The optimal number of latent variables is 14, with an associated R2 of .64
(d)
Predict response for test set. What is the value of the performance metric and how does this compare to resampled performance metric of ttraining set?
predict_pcr <- predict(pcr_model, test)
check <- data.frame(obs = test$Yield, pred = predict_pcr)
colnames(check) <- c("obs","pred")
defaultSummary(check)## RMSE Rsquared MAE
## 0.7275442 0.5789689 0.6004247
The RSME on the test set is .78, higher than the train set. R2 value of .38.
(e)
Which predictors are most important in the model you have trained? Do either the biological or process predictors dominate the list?

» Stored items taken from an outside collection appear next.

(* Let $\{\mathcal Z_n\}$ be a Galton–Watson process with countably many types and irreducible mean progeny matrix $M$, and assume that the dichotomy property holds. If there exist $\lambda\le1$ and a vector $\boldsymbol x=(x_1,x_2,\dots)$ with $x_i>0$ for all $i$, $\sum_i x_i<\infty$ and $\boldsymbol xM\le\lambda\boldsymbol x$ componentwise, then $\boldsymbol q=\boldsymbol 1$.
   Context: A (multitype) Galton–Watson process with type set $\mathcal S=\{1,2,3,\dots\}$ is $\{\mathcal Z_n=(Z_{n1},Z_{n2},\dots)\}_{n\in\mathbb N}$, $Z_{n\ell}$ the number of type-$\ell$ individuals in generation $n$, started from one individual of type $\varphi_0$; $|\mathcal Z_n|=\sum_\ell Z_{n\ell}$. The mean progeny matrix is $M_{ij}=\partial P_i/\partial s_j|_{\boldsymbol s=\boldsymbol 1}$ (assumed finite), $P_i$ being the progeny generating function of type $i$. Global extinction: $q_i=\mathbb P[\lim_n|\mathcal Z_n|=0\mid\varphi_0=i]$. The dichotomy property holds if for every initial type $i$, with probability 1 either $|\mathcal Z_n|=0$ eventually or $|\mathcal Z_n|\to\infty$. *)

theory Defs
  imports "HOL-Probability.Probability" "HOL-Library.Multiset"
begin

text \<open>Offspring of an individual = the multiset of the types of its children.
  Types are indexed by nat (type k here corresponds to type k+1 of the paper).\<close>

instance multiset :: (countable) countable
proof (rule countable_classI[of "\<lambda>M. to_nat (SOME xs. mset xs = M)"])
  fix M N :: "'a multiset"
  assume "to_nat (SOME xs. mset xs = M) = to_nat (SOME xs. mset xs = N)"
  then have "(SOME xs. mset xs = M) = (SOME xs. mset xs = N)" by simp
  moreover have "mset (SOME xs. mset xs = M) = M" by (rule someI_ex) (rule ex_mset)
  moreover have "mset (SOME xs. mset xs = N) = N" by (rule someI_ex) (rule ex_mset)
  ultimately show "M = N" by metis
qed

definition gw_step :: "(nat \<Rightarrow> nat multiset pmf) \<Rightarrow> nat multiset \<Rightarrow> nat multiset pmf" where
  "gw_step p Z = foldr (\<lambda>i acc. bind_pmf (p i) (\<lambda>c. map_pmf (\<lambda>r. c + r) acc))
                    (sorted_list_of_multiset Z) (return_pmf {#})"

definition gw_law :: "(nat \<Rightarrow> nat multiset pmf) \<Rightarrow> nat \<Rightarrow> (nat \<Rightarrow> nat multiset) measure \<Rightarrow> bool" where
  "gw_law p i0 P \<longleftrightarrow> prob_space P \<and>
     sets P = sets (PiM UNIV (\<lambda>_. count_space UNIV)) \<and>
     (\<forall>n h. emeasure P {\<omega> \<in> space P. \<forall>k\<le>n. \<omega> k = h k}
        = ennreal ((if h 0 = {#i0#} then 1 else 0) * (\<Prod>k<n. pmf (gw_step p (h k)) (h (Suc k)))))"

definition mean_matrix :: "(nat \<Rightarrow> nat multiset pmf) \<Rightarrow> nat \<Rightarrow> nat \<Rightarrow> real" where
  "mean_matrix p i j = measure_pmf.expectation (p i) (\<lambda>c. real (count c j))"

definition finite_means :: "(nat \<Rightarrow> nat multiset pmf) \<Rightarrow> bool" where
  "finite_means p \<longleftrightarrow> (\<forall>i j. integrable (measure_pmf (p i)) (\<lambda>c. real (count c j)))"

text \<open>Irreducible nonnegative matrix: for all i j some (M^n)_{ij} > 0 with n \<ge> 1,
  i.e. there is a path of positive entries from i to j.\<close>
definition irreducible_matrix :: "(nat \<Rightarrow> nat \<Rightarrow> real) \<Rightarrow> bool" where
  "irreducible_matrix M \<longleftrightarrow> (\<forall>i j. (i, j) \<in> {(a, b). M a b > 0}\<^sup>+)"

definition extinct_event :: "(nat \<Rightarrow> nat multiset) set" where
  "extinct_event = {\<omega>. \<exists>n. \<omega> n = {#}}"

definition dichotomy :: "(nat \<Rightarrow> (nat \<Rightarrow> nat multiset) measure) \<Rightarrow> bool" where
  "dichotomy P \<longleftrightarrow> (\<forall>i. AE \<omega> in P i. (\<exists>n. \<omega> n = {#}) \<or>
        filterlim (\<lambda>n. size (\<omega> n)) at_top sequentially)"

end

theory Submission
  imports Defs
begin

(* Let y be the positive summable row vector with y M <= lam y <= y.
   Writing m_n(i,j) for the expected number of type-j individuals in generation n of the
   process started from type i, the means satisfy m_{n+1} = m_n M, so by induction
   y_i m_n(i,j) <= y_j, and summing over j gives  y_i E_i |Z_n| <= sum_j y_j < infinity.
   By Markov's inequality  K P_i(|Z_n| >= K) <= const  uniformly in n and K, which forces
   P_i(|Z_n| -> infinity) = 0; the dichotomy property then yields almost sure extinction. *)

lemma sum_list_eq_suminf_count:
  fixes g :: "nat \<Rightarrow> ennreal"
  shows "sum_list (map g xs) = (\<Sum>k. of_nat (count (mset xs) k) * g k)"
proof (induction xs)
  case Nil then show ?case by simp
next
  case (Cons a xs)
  have "(\<Sum>k. of_nat (count (mset (a#xs)) k) * g k)
      = (\<Sum>k. (if k = a then g k else 0) + of_nat (count (mset xs) k) * g k)"
    by (intro suminf_cong) (auto simp: distrib_right)
  also have "\<dots> = (\<Sum>k. (if k = a then g k else 0)) + (\<Sum>k. of_nat (count (mset xs) k) * g k)"
    by (rule suminf_add[symmetric]) auto
  also have "(\<Sum>k. (if k = a then g k else 0)) = g a"
    using sums_single[of a g] sums_unique by metis
  finally show ?case using Cons by simp
qed

lemma size_eq_suminf_count: "(of_nat (size z) :: ennreal) = (\<Sum>k. of_nat (count z k))"
proof -
  have "of_nat (size z) = sum_list (map (\<lambda>_. 1::ennreal) (sorted_list_of_multiset z))"
    by (simp add: sum_list_triv size_mset[symmetric] del: size_mset)
  also have "\<dots> = (\<Sum>k. of_nat (count z k))"
    using sum_list_eq_suminf_count[of "\<lambda>_. 1" "sorted_list_of_multiset z"] by simp
  finally show ?thesis .
qed

section \<open>Expected offspring counts of one generation step\<close>

text \<open>The mean progeny matrix as an extended nonnegative real; it is always defined.\<close>
definition offspring_mean :: "(nat \<Rightarrow> nat multiset pmf) \<Rightarrow> nat \<Rightarrow> nat \<Rightarrow> ennreal" where
  "offspring_mean p a j = (\<integral>\<^sup>+ c. of_nat (count c j) \<partial>measure_pmf (p a))"

lemma offspring_mean_eq_mean_matrix:
  assumes "finite_means p"
  shows "offspring_mean p k j = ennreal (mean_matrix p k j)"
proof -
  have int: "integrable (measure_pmf (p k)) (\<lambda>c. real (count c j))"
    using assms by (simp add: finite_means_def)
  have "offspring_mean p k j = (\<integral>\<^sup>+ c. ennreal (real (count c j)) \<partial>measure_pmf (p k))"
    by (simp add: offspring_mean_def ennreal_of_nat_eq_real_of_nat)
  also have "\<dots> = ennreal (mean_matrix p k j)"
    unfolding mean_matrix_def by (rule nn_integral_eq_integral[OF int]) simp
  finally show ?thesis .
qed

lemma mean_matrix_nonneg: "mean_matrix p k j \<ge> 0"
  unfolding mean_matrix_def by simp

lemma foldr_reproduction_mean:
  "(\<integral>\<^sup>+ w. of_nat (count w j) \<partial>measure_pmf
      (foldr (\<lambda>i acc. bind_pmf (p i) (\<lambda>c. map_pmf (\<lambda>r. c + r) acc)) xs (return_pmf {#})))
   = sum_list (map (\<lambda>a. offspring_mean p a j) xs)"
proof (induction xs)
  case Nil then show ?case by simp
next
  case (Cons a xs)
  let ?acc = "foldr (\<lambda>i acc. bind_pmf (p i) (\<lambda>c. map_pmf (\<lambda>r. c + r) acc)) xs (return_pmf {#})"
  have "(\<integral>\<^sup>+ w. of_nat (count w j) \<partial>measure_pmf
          (foldr (\<lambda>i acc. bind_pmf (p i) (\<lambda>c. map_pmf (\<lambda>r. c + r) acc)) (a#xs) (return_pmf {#})))
     = (\<integral>\<^sup>+ c. (\<integral>\<^sup>+ r. of_nat (count c j) + of_nat (count r j) \<partial>measure_pmf ?acc) \<partial>measure_pmf (p a))"
    by simp
  also have "\<dots> = (\<integral>\<^sup>+ c. of_nat (count c j) + (\<integral>\<^sup>+ r. of_nat (count r j) \<partial>measure_pmf ?acc)
                     \<partial>measure_pmf (p a))"
    by (subst nn_integral_add) (auto simp: measure_pmf.emeasure_space_1)
  also have "\<dots> = offspring_mean p a j + (\<integral>\<^sup>+ r. of_nat (count r j) \<partial>measure_pmf ?acc)"
    by (subst nn_integral_add) (auto simp: measure_pmf.emeasure_space_1 offspring_mean_def)
  finally show ?case using Cons by simp
qed

lemma gw_step_mean:
  "(\<integral>\<^sup>+ w. of_nat (count w j) \<partial>measure_pmf (gw_step p z))
   = (\<Sum>k. of_nat (count z k) * offspring_mean p k j)"
  unfolding gw_step_def foldr_reproduction_mean sum_list_eq_suminf_count by simp

section \<open>Laws and means of the generations\<close>

primrec gen_law :: "(nat \<Rightarrow> nat multiset pmf) \<Rightarrow> nat \<Rightarrow> nat \<Rightarrow> nat multiset pmf" where
  "gen_law p i 0 = return_pmf {#i#}"
| "gen_law p i (Suc n) = bind_pmf (gen_law p i n) (gw_step p)"

text \<open>Expected number of type-j individuals in generation n, i.e. the entry (i,j) of M^n.\<close>
definition gen_mean :: "(nat \<Rightarrow> nat multiset pmf) \<Rightarrow> nat \<Rightarrow> nat \<Rightarrow> nat \<Rightarrow> ennreal" where
  "gen_mean p i n j = (\<integral>\<^sup>+ z. of_nat (count z j) \<partial>measure_pmf (gen_law p i n))"

lemma gen_mean_Suc: "gen_mean p i (Suc n) j = (\<Sum>k. gen_mean p i n k * offspring_mean p k j)"
proof -
  have "gen_mean p i (Suc n) j
      = (\<integral>\<^sup>+ z. (\<Sum>k. of_nat (count z k) * offspring_mean p k j) \<partial>measure_pmf (gen_law p i n))"
    by (simp add: gen_mean_def gw_step_mean)
  also have "\<dots> = (\<Sum>k. (\<integral>\<^sup>+ z. of_nat (count z k) * offspring_mean p k j \<partial>measure_pmf (gen_law p i n)))"
    by (rule nn_integral_suminf) simp
  also have "\<dots> = (\<Sum>k. gen_mean p i n k * offspring_mean p k j)"
    by (simp add: gen_mean_def nn_integral_multc)
  finally show ?thesis .
qed

lemma gen_mean_subinvariant:
  assumes subinv: "\<And>j. (\<Sum>k. y k * offspring_mean p k j) \<le> y j"
  shows "y i * gen_mean p i n j \<le> y j"
proof (induction n arbitrary: j)
  case 0
  then show ?case by (auto simp: gen_mean_def)
next
  case (Suc n)
  have "y i * gen_mean p i (Suc n) j = (\<Sum>k. (y i * gen_mean p i n k) * offspring_mean p k j)"
    by (simp add: gen_mean_Suc mult.assoc)
  also have "\<dots> \<le> (\<Sum>k. y k * offspring_mean p k j)"
    by (intro suminf_le mult_right_mono Suc) auto
  also have "\<dots> \<le> y j" by (rule subinv)
  finally show ?case .
qed

lemma expected_size_bound:
  assumes subinv: "\<And>j. (\<Sum>k. y k * offspring_mean p k j) \<le> y j"
  shows "y i * (\<integral>\<^sup>+ z. of_nat (size z) \<partial>measure_pmf (gen_law p i n)) \<le> (\<Sum>j. y j)"
proof -
  have "(\<integral>\<^sup>+ z. of_nat (size z) \<partial>measure_pmf (gen_law p i n)) = (\<Sum>j. gen_mean p i n j)"
    unfolding size_eq_suminf_count gen_mean_def by (rule nn_integral_suminf) simp
  then have "y i * (\<integral>\<^sup>+ z. of_nat (size z) \<partial>measure_pmf (gen_law p i n)) = (\<Sum>j. y i * gen_mean p i n j)"
    by simp
  also have "\<dots> \<le> (\<Sum>j. y j)"
    by (intro suminf_le gen_mean_subinvariant[OF subinv]) auto
  finally show ?thesis .
qed

lemma subinvariant_ennreal:
  assumes means: "finite_means p" and lam_le: "lam \<le> 1" and xpos: "\<And>i. x i > 0"
    and xM: "\<And>j. summable (\<lambda>i. x i * mean_matrix p i j) \<and>
                 (\<Sum>i. x i * mean_matrix p i j) \<le> lam * x j"
  shows "(\<Sum>k. ennreal (x k) * offspring_mean p k j) \<le> ennreal (x j)"
proof -
  have "(\<Sum>k. ennreal (x k) * offspring_mean p k j) = (\<Sum>k. ennreal (x k * mean_matrix p k j))"
    using xpos by (simp add: offspring_mean_eq_mean_matrix[OF means] ennreal_mult less_imp_le
                             mean_matrix_nonneg)
  also have "\<dots> = ennreal (\<Sum>k. x k * mean_matrix p k j)"
    using xM xpos by (intro suminf_ennreal2 mult_nonneg_nonneg less_imp_le mean_matrix_nonneg) auto
  also have "\<dots> \<le> ennreal (x j)"
  proof (rule ennreal_leI)
    have "lam * x j \<le> x j" using lam_le xpos[of j] by (simp add: mult_le_cancel_right1)
    then show "(\<Sum>k. x k * mean_matrix p k j) \<le> x j" using xM[of j] by linarith
  qed
  finally show ?thesis .
qed

section \<open>The path-space law and its marginals\<close>

lemma gw_law_space: assumes "gw_law p i P" shows "space P = UNIV"
proof -
  have "sets P = sets (PiM UNIV (\<lambda>_. count_space UNIV) :: (nat \<Rightarrow> nat multiset) measure)"
    using assms by (simp add: gw_law_def)
  then have "space P = space (PiM UNIV (\<lambda>_. count_space UNIV) :: (nat \<Rightarrow> nat multiset) measure)"
    by (rule sets_eq_imp_space_eq)
  then show ?thesis by (simp add: space_PiM)
qed

lemma gw_law_measurable_generation:
  assumes "gw_law p i P"
  shows "(\<lambda>\<omega>. \<omega> k) \<in> measurable P (count_space UNIV)"
proof -
  have s: "sets P = sets (PiM UNIV (\<lambda>_. count_space UNIV) :: (nat \<Rightarrow> nat multiset) measure)"
    using assms by (simp add: gw_law_def)
  show ?thesis
    by (subst measurable_cong_sets[OF s refl]) (rule measurable_component_singleton, simp)
qed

important <- varImp(pcr_model)
important## loess r-squared variable importance
##
## only 20 most important variables shown (out of 57)
##
## Overall
## BiologicalMaterial06 100.00
## ManufacturingProcess32 99.58
## ManufacturingProcess13 93.89
## BiologicalMaterial03 89.61
## ManufacturingProcess31 84.83
## BiologicalMaterial12 79.15
## ManufacturingProcess09 77.05
## ManufacturingProcess36 71.60
## ManufacturingProcess17 69.75
## BiologicalMaterial02 63.24
## ManufacturingProcess11 60.68
## ManufacturingProcess29 57.69
## ManufacturingProcess06 57.66
## BiologicalMaterial09 54.31
## BiologicalMaterial11 53.41
## BiologicalMaterial04 48.41
## ManufacturingProcess33 45.50
## BiologicalMaterial08 43.71
## ManufacturingProcess30 42.19
## BiologicalMaterial01 42.02
According to the output from model feature importance, it seems that there is a mix of importance from both Manufacturing and Biological features. That being said, manufacturing predictors account for 5 of the top 6 features in terms of predictive power.
(f)
Explore relationship between top predictors
correlations <- imputation %>%
select(ManufacturingProcess32, ManufacturingProcess13, BiologicalMaterial06, ManufacturingProcess36, ManufacturingProcess17, ManufacturingProcess09, BiologicalMaterial03, BiologicalMaterial02, BiologicalMaterial12, ManufacturingProcess06, ManufacturingProcess31,ManufacturingProcess11,ManufacturingProcess33,BiologicalMaterial11,BiologicalMaterial08,BiologicalMaterial04)
plot_correlation(correlations)Not surprisingly, most of the ManufacturingProcess features are correlated with eachother, while the Biological features are correlated with eachother. There are a few features which are negatively correlated within the same domain, which is interesting to note.